![microsoft imate microsoft imate](http://2.bp.blogspot.com/-eD8FKTuD6l4/UvJoVI2Kd8I/AAAAAAAAAHQ/-7ACvjWNIw8/s1600/PRT.png)
![microsoft imate microsoft imate](http://3.bp.blogspot.com/-ZgDfWyIOGaA/UWBGBoD29PI/AAAAAAAACVA/f3O2dwlE8ig/s1600/PDA.jpeg)
When presented with an image containing novel objects, the AI system leverages the visual vocabulary to generate an accurate caption.
#MICROSOFT IMATE HOW TO#
In this stage of training, the model learns how to compose a sentence. The pre-trained model is then fine-tuned for captioning on the dataset of captioned images. “This visual vocabulary pre-training essentially is the education needed to train the system we are trying to educate this motor memory,” Huang said. The visual vocabulary pre-training approach, Huang explained, is similar to prepping children to read by first using a picture book that associates individual words with images, such as a picture of an apple with the word “apple” beneath it and a picture of a cat with the word “cat” beneath it. The approach imbued the model with what the team calls a visual vocabulary.
#MICROSOFT IMATE FULL#
To meet the challenge, the Microsoft team pre-trained a large AI model with a rich dataset of images paired with word tags, with each tag mapped to a specific object in an image.ĭatasets of images with word tags instead of full captions are more efficient to create, which allowed Wang’s team to feed lots of data into their model. “The nocaps challenge is really how are you able to describe those novel objects that you haven’t seen in your training data?” Wang said. Image captioning systems are typically trained with datasets that contain images paired with sentences that describe the images, essentially a dataset of captioned images. The benchmark evaluates AI systems on how well they generate captions for objects in images that are not in the dataset used to train them. Wang led the research team that achieved – and beat – human parity on the novel object captioning at scale, or nocaps, benchmark. “You really need to understand what is going on, you need to know the relationship between objects and actions and you need to summarize and describe it in a natural language sentence,” she said. Image captioning is a core challenge in the discipline of computer vision, one that requires an AI system to understand and describe the salient content, or action, in an image, explained Lijuan Wang, a principal research manager in Microsoft’s research lab in Redmond. “So, there are several apps that use image captioning as way to fill in alt text when it’s missing.” “Ideally, everyone would include alt text for all images in documents, on the web, in social media – as this enables people who are blind to access the content and participate in the conversation. The app uses image captioning to describe photos, including those from social media apps.

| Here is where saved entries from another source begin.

lemma m_Suc_le: "m (Suc k) \<le> (1 + L) * m k ^ 2"
proof -
  have sq: "x k ^ 2 \<le> m k ^ 2" "y k ^ 2 \<le> m k ^ 2"
    using le_m x_nonneg y_nonneg by (auto intro: power_mono)
  have "x (Suc k) \<le> m k ^ 2 + L * m k ^ 2"
    using x_Suc_le[of k] sq mult_left_mono[OF sq(2), of L] L_ge_2 by linarith
  moreover have "y (Suc k) \<le> m k ^ 2"
    using y_Suc[of k] mult_mono[OF le_m] m_pos[of k] y_nonneg[of k]
    by (simp add: power2_eq_square)
  moreover have "0 \<le> L * m k ^ 2"
    using L_ge_2 by simp
  ultimately show ?thesis
    by (simp add: m_def algebra_simps)
qed

lemma m_Suc_ge: "m k ^ 2 / (1 + L) \<le> m (Suc k)"
proof -
  define T where "T = 1 + L"
  have T: "3 \<le> T"
    using L_ge_2 by (simp add: T_def)
  have xy: "0 \<le> x k" "0 \<le> y k"
    using x_nonneg y_nonneg .
  consider "y k \<le> x k" "2 * L * y k ^ 2 \<le> x k ^ 2"
    | "y k \<le> x k" "x k ^ 2 < 2 * L * y k ^ 2"
    | "x k \<le> y k"
    by linarith
  then have "m k ^ 2 / T \<le> max (x (Suc k)) (y (Suc k))"
  proof cases
    case 1
    have "x k ^ 2 / T \<le> x k ^ 2 / 2"
      using T by (intro divide_left_mono) auto
    also have "\<dots> \<le> x (Suc k)"
      using 1 x_Suc_ge[of k] by simp
    finally show ?thesis
      using m_eq_x[OF 1(1)] by simp
  next
    case 2
    have "2 * L \<le> T ^ 2"
      unfolding T_def power2_eq_square by (simp add: algebra_simps)
    then have "2 * L * y k ^ 2 \<le> T ^ 2 * y k ^ 2"
      by (rule mult_right_mono) simp
    then have "x k ^ 2 \<le> (T * y k) ^ 2"
      using 2 unfolding power_mult_distrib by linarith
    moreover have "0 \<le> T * y k"
      using T xy by simp
    ultimately have "x k \<le> T * y k"
      by (rule power2_le_imp_le)
    then have "x k * x k \<le> x k * (T * y k)"
      using xy by (intro mult_left_mono)
    then have "x k ^ 2 \<le> y (Suc k) * T"
      by (simp add: y_Suc power2_eq_square mult_ac)
    then have "x k ^ 2 / T \<le> y (Suc k)"
      using T by (simp add: pos_divide_le_eq)
    then show ?thesis
      using m_eq_x[OF 2(1)] by simp
  next
    case 3
    have "1 * 1 \<le> (L - 1) * T"
      using T L_ge_2 by (intro mult_mono) auto
    then have "1 / T \<le> L - 1"
      using T by (simp add: pos_divide_le_eq)
    then have "y k ^ 2 / T \<le> (L - 1) * y k ^ 2"
      using mult_right_mono[of "1 / T" "L - 1" "y k ^ 2"] by simp
    moreover have "x k ^ 2 \<le> y k ^ 2"
      using 3 xy by (intro power_mono) auto
    ultimately show ?thesis
      using x_Suc_ge[of k] m_eq_y[OF 3] by (simp add: algebra_simps)
  qed
  then show ?thesis
    by (simp add: m_def T_def)
qed

lemma m_Suc_dominant:
  assumes "y k \<le> x k" "2 * L * y k ^ 2 \<le> x k ^ 2"
  shows "m k ^ 2 / 2 \<le> m (Suc k)" "m (Suc k) \<le> 2 * m k ^ 2"
proof -
  have "x k * y k \<le> x k ^ 2"
    using assms(1) x_nonneg by (simp add: power2_eq_square mult_left_mono)
  moreover have "x k ^ 2 / 2 \<le> x (Suc k)" "x (Suc k) \<le> 2 * x k ^ 2"
    using assms x_Suc_ge[of k] x_Suc_le[of k] by auto
  ultimately show "m k ^ 2 / 2 \<le> m (Suc k)" "m (Suc k) \<le> 2 * m k ^ 2"
    using y_Suc[of k] le_m[of "Suc k"] m_eq_x[OF assms(1)] unfolding m_def[of "Suc k"] by auto
qed

text \<open>
  Each step lowers the ratio \<open>x/y\<close> by at most \<open>L y/x\<close>, which stays below \<open>2M\<close> as long as
  the ratio is at least \<open>L/(2M)\<close>.
\<close>

lemma x_ge_ratio:
  assumes "0 < M" "L / M * y 0 \<le> x 0" "4 * M ^ 2 * k \<le> L"
  shows "(L / M - 2 * real k * M) * y k \<le> x k"
  using assms(3)
proof (induction k)
  case 0
  then show ?case using assms(2) by simp
next
  case (Suc k)
  define r where "r = L / M - 2 * real k * M"
  have "4 * M ^ 2 * k \<le> 4 * M ^ 2 * Suc k"
    by (simp add: mult_left_mono)
  then have k: "4 * M ^ 2 * k \<le> L"
    using Suc.prems by linarith
  then have IH: "r * y k \<le> x k"
    using Suc.IH by (simp add: r_def)
  have "2 * M * r = 2 * L - 4 * M ^ 2 * k"
    using assms(1) by (simp add: r_def field_simps power2_eq_square)
  then have "L * y k ^ 2 \<le> (2 * M * r) * y k ^ 2"
    using k by (intro mult_right_mono) auto
  also have "\<dots> = 2 * M * (r * y k) * y k"
    by (simp add: power2_eq_square mult_ac)
  also have "\<dots> \<le> 2 * M * x k * y k"
    using IH assms(1) y_nonneg[of k] by (intro mult_right_mono mult_left_mono) auto
  finally have "L * y k ^ 2 \<le> 2 * M * (x k * y k)"
    by (simp add: mult_ac)
  moreover have "r * (x k * y k) \<le> x k ^ 2"
    using mult_left_mono[OF IH x_nonneg[of k]] by (simp add: power2_eq_square mult_ac)
  ultimately have "(r - 2 * M) * y (Suc k) \<le> x (Suc k)"
    using x_Suc_ge[of k] y_Suc[of k] by (simp add: algebra_simps)
  then show ?case
    by (simp add: r_def algebra_simps)
qed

#MICROSOFT IMATE SOFTWARE#
The use of image captioning to generate a photo description, known as alt text, in a web page or document is especially important for people who are blind or have low vision, noted Saqib Shaikh, a software engineering manager with Microsoft’s AI platform group in Redmond.įor example, his team is using the improved image captioning capability in the Seeing AI talking camera app for people who are blind or have low vision. A research breakthrough like this one can improve those results, although it doesn’t mean the system will return perfect results each time.
#MICROSOFT IMATE MAC#
It also is being incorporated into Seeing AI and will start rolling out later this year in Microsoft Word and Outlook, for Windows and Mac, and PowerPoint for Windows, Mac and web.Īutomatic image captioning helps all users access the important content in any image, from a photo returned as a search result to an image included in a presentation. The new model is now available to customers via the Azure Cognitive Services Computer Vision offering, which is part of Azure AI, enabling developers to use this capability to improve accessibility in their own services. “Image captioning is one of the core computer vision capabilities that can enable a broad range of services,” said Xuedong Huang, a Microsoft technical fellow and the chief technology officer of Azure AI Cognitive Services in Redmond, Washington. The breakthrough in a benchmark challenge is a milestone in Microsoft’s push to make its products and services inclusive and accessible to all users. Microsoft researchers have built an artificial intelligence system that can generate captions for images that are, in many cases, more accurate than the descriptions people write.